In the case of this case, as seen earlier, the defendant requested Nonparty 1 and 2, etc., who are the previous project operator, to acquire land in the project execution area by means of consultation as much as possible, instead of land expropriation. The plaintiff succeeded to the status of the project operator of this case from Nonparty 1 and 2, and had held several consultations with the service company on purchase. In light of the time of preparation and details of the approval sale contract (see evidence Nos. 9 through 13 and 16 (including the number), which the plaintiff entered into with some owners of the land of this case, the authenticity of the sale contract is recognized. The plaintiff acquired ownership through reconciliation and court adjustment while an administrative litigation is pending against the adjudication on expropriation of part of the land of this case, and the acquisition price of the land of this case shall be calculated based on the actual purchase price or the sale price of the land of this case, which is not the acquisition price of the land of this case, based on development gains or the sale price of the land of this case, which is not the land of this case.

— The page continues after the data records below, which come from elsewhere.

(* A commuting pair $(S,P)$ of operators on a Hilbert space is a $\Gamma$-contraction if and only if $(0,S,P)$ is a $\mathbb P$-contraction.
   Context: The pentablock is $\mathbb P=\{(a_{21},\operatorname{tr}A_0,\det A_0): A_0=[a_{ij}]\in M_2(\mathbb C),\ \|A_0\|<1\}\subset\mathbb C^3$ and $\Gamma=\{(z_1+z_2,z_1z_2):z_1,z_2\in\overline{\mathbb D}\}$. A compact $K$ is a spectral set for a commuting tuple if the Taylor joint spectrum lies in $K$ and $\|f(\underline T)\|\le\sup_K|f|$ for every rational $f$ with no poles in $K$. A $\mathbb P$-contraction (resp. $\Gamma$-contraction) is a commuting triple (resp. pair) having $\overline{\mathbb P}$ (resp. $\Gamma$) as a spectral set. *)

theory Defs
  imports "HOL-Analysis.Analysis"
begin

text \<open>A complex Hilbert space, presented as a real Hilbert space (complete real inner
product space) equipped with a compatible complex scalar multiplication; the complex
inner product is then recovered from the real one and induces the same norm.\<close>

class complex_hilbert = real_inner + complete_space +
  fixes scaleC :: "complex \<Rightarrow> 'a \<Rightarrow> 'a"
  assumes scaleC_add_right: "scaleC a (x + y) = scaleC a x + scaleC a y"
    and scaleC_add_left: "scaleC (a + b) x = scaleC a x + scaleC b x"
    and scaleC_scaleC: "scaleC a (scaleC b x) = scaleC (a * b) x"
    and scaleC_one: "scaleC 1 x = x"
    and scaleC_of_real: "scaleC (complex_of_real r) x = scaleR r x"
    and inner_scaleC_ii: "inner (scaleC \<i> x) (scaleC \<i> y) = inner x y"

text \<open>Non-vacuity: the complex numbers form such a space.\<close>
instantiation complex :: complex_hilbert
begin
definition scaleC_complex_def: "scaleC (a::complex) (x::complex) = a * x"
instance
  by standard (auto simp: scaleC_complex_def algebra_simps scaleR_conv_of_real
                          inner_complex_def)
end

definition bop :: "('a::complex_hilbert \<Rightarrow> 'a) \<Rightarrow> bool" where
  "bop T \<longleftrightarrow> bounded_linear T \<and> (\<forall>c x. T (scaleC c x) = scaleC c (T x))"

text \<open>Koszul complex of a pair (A,B):
  0 \<rightarrow> H \<rightarrow> H\<oplus>H \<rightarrow> H \<rightarrow> 0,  x \<mapsto> (Ax,Bx),  (x,y) \<mapsto> Bx - Ay.\<close>
definition koszul_exact2 :: "('a::complex_hilbert \<Rightarrow> 'a) \<Rightarrow> ('a \<Rightarrow> 'a) \<Rightarrow> bool" where
  "koszul_exact2 A B \<longleftrightarrow>
     (\<forall>x. A x = 0 \<and> B x = 0 \<longrightarrow> x = 0) \<and>
     (\<forall>x y. B x - A y = 0 \<longrightarrow> (\<exists>z. x = A z \<and> y = B z)) \<and>
     (\<forall>w. \<exists>x y. w = B x - A y)"

text \<open>Koszul complex of a triple (A,B,C):
  0 \<rightarrow> H \<rightarrow> H^3 \<rightarrow> H^3 \<rightarrow> H \<rightarrow> 0.\<close>
definition koszul_exact3 ::
  "('a::complex_hilbert \<Rightarrow> 'a) \<Rightarrow> ('a \<Rightarrow> 'a) \<Rightarrow> ('a \<Rightarrow> 'a) \<Rightarrow> bool" where
  "koszul_exact3 A B C \<longleftrightarrow>
     (\<forall>x. A x = 0 \<and> B x = 0 \<and> C x = 0 \<longrightarrow> x = 0) \<and>
     (\<forall>x1 x2 x3. B x3 - C x2 = 0 \<and> C x1 - A x3 = 0 \<and> A x2 - B x1 = 0 \<longrightarrow>
         (\<exists>z. x1 = A z \<and> x2 = B z \<and> x3 = C z)) \<and>
     (\<forall>y1 y2 y3. A y1 + B y2 + C y3 = 0 \<longrightarrow>
         (\<exists>x1 x2 x3. y1 = B x3 - C x2 \<and> y2 = C x1 - A x3 \<and> y3 = A x2 - B x1)) \<and>
     (\<forall>w. \<exists>y1 y2 y3. w = A y1 + B y2 + C y3)"

definition taylor_spectrum2 ::
  "('a::complex_hilbert \<Rightarrow> 'a) \<Rightarrow> ('a \<Rightarrow> 'a) \<Rightarrow> (complex \<times> complex) set" where
  "taylor_spectrum2 T1 T2 =
     {(l1, l2). \<not> koszul_exact2 (\<lambda>x. T1 x - scaleC l1 x) (\<lambda>x. T2 x - scaleC l2 x)}"

definition taylor_spectrum3 ::
  "('a::complex_hilbert \<Rightarrow> 'a) \<Rightarrow> ('a \<Rightarrow> 'a) \<Rightarrow> ('a \<Rightarrow> 'a) \<Rightarrow> (complex \<times> complex \<times> complex) set" where
  "taylor_spectrum3 T1 T2 T3 =
     {(l1, l2, l3). \<not> koszul_exact3 (\<lambda>x. T1 x - scaleC l1 x) (\<lambda>x. T2 x - scaleC l2 x)
                                      (\<lambda>x. T3 x - scaleC l3 x)}"

definition mpoly_coeffs :: "('i \<Rightarrow> complex) \<Rightarrow> bool" where
  "mpoly_coeffs c \<longleftrightarrow> finite {m. c m \<noteq> 0}"

definition peval2 :: "(nat \<times> nat \<Rightarrow> complex) \<Rightarrow> complex \<times> complex \<Rightarrow> complex" where
  "peval2 c z = (\<Sum>m\<in>{m. c m \<noteq> 0}. c m * fst z ^ fst m * snd z ^ snd m)"

definition peval3 :: "(nat \<times> nat \<times> nat \<Rightarrow> complex) \<Rightarrow> complex \<times> complex \<times> complex \<Rightarrow> complex" where
  "peval3 c z = (\<Sum>m\<in>{m. c m \<noteq> 0}.
      c m * fst z ^ fst m * fst (snd z) ^ fst (snd m) * snd (snd z) ^ snd (snd m))"

definition opeval2 ::
  "(nat \<times> nat \<Rightarrow> complex) \<Rightarrow> ('a::complex_hilbert \<Rightarrow> 'a) \<Rightarrow> ('a \<Rightarrow> 'a) \<Rightarrow> 'a \<Rightarrow> 'a" where
  "opeval2 c T1 T2 = (\<lambda>x. \<Sum>m\<in>{m. c m \<noteq> 0}. scaleC (c m) ((T1 ^^ fst m) ((T2 ^^ snd m) x)))"

definition opeval3 ::
  "(nat \<times> nat \<times> nat \<Rightarrow> complex) \<Rightarrow> ('a::complex_hilbert \<Rightarrow> 'a) \<Rightarrow> ('a \<Rightarrow> 'a) \<Rightarrow> ('a \<Rightarrow> 'a)
     \<Rightarrow> 'a \<Rightarrow> 'a" where
  "opeval3 c T1 T2 T3 = (\<lambda>x. \<Sum>m\<in>{m. c m \<noteq> 0}.
      scaleC (c m) ((T1 ^^ fst m) ((T2 ^^ fst (snd m)) ((T3 ^^ snd (snd m)) x))))"

definition spectral_set2 ::
  "(complex \<times> complex) set \<Rightarrow> ('a::complex_hilbert \<Rightarrow> 'a) \<Rightarrow> ('a \<Rightarrow> 'a) \<Rightarrow> bool" where
  "spectral_set2 K T1 T2 \<longleftrightarrow>
     taylor_spectrum2 T1 T2 \<subseteq> K \<and>
     (\<forall>p q. mpoly_coeffs p \<and> mpoly_coeffs q \<and> (\<forall>z\<in>K. peval2 q z \<noteq> 0) \<longrightarrow>
        onorm (\<lambda>x. opeval2 p T1 T2 (inv (opeval2 q T1 T2) x))
          \<le> (SUP z\<in>K. cmod (peval2 p z / peval2 q z)))"
lemma induced_by_has_derivative:
  assumes g: "g \<in> Diff1_plus" "D1_one_at_fixed_points g" and k: "induced_by k g"
    and x: "x \<in> {0..1}"
  shows "(k has_real_derivative (if k x = x then 1 else D1 g x)) (at x within {0..1})"
  using k x
proof (cases rule: induced_by_cases)
  case 1
  then show ?thesis
    using Diff1_plus_has_derivative[OF g(1) x]
      has_field_derivative_cong_eventually[OF induced_by_eventually_eq(1)[OF k Diff1_plus_Homeo_plus[OF g(1)] x]]
    by simp
next
  case 2
  then show ?thesis
    using has_field_derivative_cong_eventually[OF induced_by_eventually_eq(2)[OF k Diff1_plus_Homeo_plus[OF g(1)] x]]
    by simp
next
  case 3
  have "D1 g x = 1" using g(2) x 3(2) unfolding D1_one_at_fixed_points_def by blast
  then have lim_g: "((\<lambda>y. (g y - g x) / (y - x)) \<longlongrightarrow> 1) (at x within {0..1})"
    using Diff1_plus_has_derivative[OF g(1) x] by (simp add: has_field_derivative_iff)
  have "dist ((k y - k x) / (y - x)) 1 \<le> dist ((g y - g x) / (y - x)) 1"
    if "y \<in> {0..1}" "y \<noteq> x" for y
  proof -
    have "k y = y \<or> k y = g y" using k that(1) unfolding induced_by_def by blast
    then show ?thesis using that(2) 3 by auto
  qed
  then have "\<forall>\<^sub>F y in at x within {0..1}.
      dist ((k y - k x) / (y - x)) 1 \<le> dist ((g y - g x) / (y - x)) 1"
    by (auto simp: eventually_at_filter)
  then have "((\<lambda>y. (k y - k x) / (y - x)) \<longlongrightarrow> 1) (at x within {0..1})"
    by (rule metric_tendsto_imp_tendsto[OF lim_g])
  then show ?thesis using 3 by (simp add: has_field_derivative_iff)
qed
(* If $E$ is an operator space such that $E'$ has the $C$-W*CBAP, then $E$ has the $C$-W*CBAP.
   Context: An operator space $X$ has the $C$-W*CBAP if there is a net of finite-rank maps $\phi_i:X\to X''$ with $\|\phi_i\|_{cb}\le C$ for all $i$ and $\phi_i(x)\to\kappa_X(x)$ in the weak$^*$ topology for every $x\in X$, where $\kappa_X:X\to X''$ is the canonical embedding; $E'$ carries the standard dual operator space structure. *)

theory Defs
  imports "HOL-Analysis.Analysis"
begin

text \<open>An operator space is given by a carrier set with complex vector space
operations together with norms on the n x n matrices over it
(matrices are functions nat => nat => 'a, only entries with indices below n matter).\<close>

record 'a opsp =
  os_carrier :: "'a set"
  os_zero :: 'a
  os_add :: "'a \<Rightarrow> 'a \<Rightarrow> 'a"
  os_smul :: "complex \<Rightarrow> 'a \<Rightarrow> 'a"
  os_mnorm :: "nat \<Rightarrow> (nat \<Rightarrow> nat \<Rightarrow> 'a) \<Rightarrow> real"

primrec vsumN :: "'a opsp \<Rightarrow> (nat \<Rightarrow> 'a) \<Rightarrow> nat \<Rightarrow> 'a" where
  "vsumN V f 0 = os_zero V"
| "vsumN V f (Suc n) = os_add V (vsumN V f n) (f n)"

definition lincomb :: "'a opsp \<Rightarrow> complex list \<Rightarrow> 'a list \<Rightarrow> 'a" where
  "lincomb V cs bs = vsumN V (\<lambda>k. os_smul V (cs ! k) (bs ! k)) (length bs)"

definition vector_space_on :: "'a opsp \<Rightarrow> bool" where
  "vector_space_on V \<longleftrightarrow>
     (let C = os_carrier V; ad = os_add V; sm = os_smul V; z = os_zero V in
      z \<in> C \<and> (\<forall>x\<in>C. \<forall>y\<in>C. ad x y \<in> C) \<and> (\<forall>c. \<forall>x\<in>C. sm c x \<in> C) \<and>
      (\<forall>x\<in>C. \<forall>y\<in>C. \<forall>w\<in>C. ad (ad x y) w = ad x (ad y w)) \<and>
      (\<forall>x\<in>C. \<forall>y\<in>C. ad x y = ad y x) \<and>
      (\<forall>x\<in>C. ad z x = x) \<and>
      (\<forall>x\<in>C. \<exists>y\<in>C. ad x y = z) \<and>
      (\<forall>c. \<forall>x\<in>C. \<forall>y\<in>C. sm c (ad x y) = ad (sm c x) (sm c y)) \<and>
      (\<forall>c d. \<forall>x\<in>C. sm (c + d) x = ad (sm c x) (sm d x)) \<and>
      (\<forall>c d. \<forall>x\<in>C. sm (c * d) x = sm c (sm d x)) \<and>
      (\<forall>x\<in>C. sm 1 x = x))"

In addition, in a lawsuit seeking revocation of the imposition of development charges, where it is impossible to calculate the legitimate amount to be imposed lawfully by the data submitted by the parties, the entire imposition of development charges is to be cancelled (see Supreme Court Decision 99Du5542 delivered on June 9, 200, etc.). In this case, the data submitted by the parties alone cannot be calculated with the legitimate amount to be imposed lawfully, and thus, the entire disposition of this case cannot be revoked (On the other hand, the plaintiff asserted that the tax borne by the non-party 3 corporation should be recognized as development costs, but the non-party 3 corporation did not have any evidence to prove that it had paid such taxes. Thus, this part of the argument cannot be accepted without the need to further determine).

3. Conclusion

Therefore, the plaintiff's claim of this case is reasonable, and it is so decided as per Disposition.